Stepping down from her throne, Celestia beckoned for him to follow as she led them out through a side passage. Viridian glanced back as two of her honor guard fell into their wake.

Noticing his look, Celestia said, “They see and hear only what they need to, no more. I trust them with my life every day, though I will admit, threats are few and far between.” She paused. “Or they were.”

He nodded. “As you say, Your Highness.”

“Have you any knowledge of what has been happening outside your island nation as of late?” Celestia gave him a sidelong look as they stepped into her personal quarters. The guards took up positions just inside the doorway, shutting it once they had all passed through.

Viridian shot the two unicorns a nervous look before he returned his gaze to Celestia. “An inkling, or perhaps a bit more. We shelter in the All-Father’s embrace such that we need not fear the outside world. Being one of a few granted free passage, however, I have heard whispers on the wind that trouble stirs from afar. I’ve not heard much more than that, I’m afraid.”

Celestia hummed. “I hope you will forgive me when I say that this was not quite what I had hoped when I made my bargain with the trickster, but I suppose I can’t be too picky. Still, while I am sure you will hear my concerns with all due--”

“Ruin finds us all!” one of her guards screamed.

The unicorn surged forward, charging headlong at the hart. Accelerated by a flash magic, he cleared the distance across the chamber in less than an eyeblink. He crashed against an unseen wall of force as Celestia threw up a protective barrier around Viridian.

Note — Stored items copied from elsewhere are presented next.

theorem proposition3p1:
  fixes k1 k2 k3 D r S1in S2in m1 S2m :: real
    and mu1 mu2 mu1' mu2' :: "real \<Rightarrow> real"
  assumes k_pos: "k1 > 0" "k2 > 0" "k3 > 0"
    and D_pos: "D > 0"
    and r_range: "0 < r" "r < 1"
    and Sin_nonneg: "S1in \<ge> 0" "S2in \<ge> 0"
    and mu1_C1: "\<And>s. s \<ge> 0 \<Longrightarrow> (mu1 has_real_derivative mu1' s) (at s within {0..})"
                "continuous_on {0..} mu1'"
    and mu2_C1: "\<And>s. s \<ge> 0 \<Longrightarrow> (mu2 has_real_derivative mu2' s) (at s within {0..})"
                "continuous_on {0..} mu2'"
    and H1: "mu1 0 = 0" "(mu1 \<longlongrightarrow> m1) at_top" "\<And>s. s > 0 \<Longrightarrow> mu1' s > 0"
    and H2: "mu2 0 = 0" "(mu2 \<longlongrightarrow> 0) at_top" "S2m > 0"
            "\<And>s. 0 < s \<Longrightarrow> s < S2m \<Longrightarrow> mu2' s > 0"
            "\<And>s. S2m < s \<Longrightarrow> mu2' s < 0"
  shows "(\<forall>a b c d. steady k1 k2 k3 D r S1in S2in mu1 mu2 a b c d \<longrightarrow>
            (\<exists>t\<in>all_types. is_type k1 k2 k3 D r S1in S2in mu1 mu2 m1 S2m t a b c d))
       \<and> (\<forall>t\<in>all_types.
            (\<exists>a b c d. steady k1 k2 k3 D r S1in S2in mu1 mu2 a b c d \<and>
                       is_type k1 k2 k3 D r S1in S2in mu1 mu2 m1 S2m t a b c d)
            \<longleftrightarrow> exists_cond k1 k2 k3 D r S1in S2in mu1 mu2 m1 S2m t)"
proof -
  interpret chemostat mu1 mu1' m1 mu2 mu2' S2m k1 k2 k3 D r S1in S2in
    by unfold_locales (use assms in auto)
  show ?thesis
    using steady_has_type of_type_imp_condition condition_imp_realizable by blast
qed

end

Rebounding in a spray of warring lights, the unicorn staggered, then shook his head. The other guard vanished behind an expanding bubble of iridescence that washed across the chamber.

Mantled in her full power, Celestia stood within a clear space amidst the raging torrent of light and magic. An angled whirlwind spun in midair, ripping a hole in the bubble as the spells came in contact with one another. The cyclone built to a frenzied speed before Celestia drove it forward, using it to smash one guard into another.

Knocked senseless, whatever spells the unicorns might have raised in defense were cut short as Celestia levitated both guards within transparent shells of rippling energy.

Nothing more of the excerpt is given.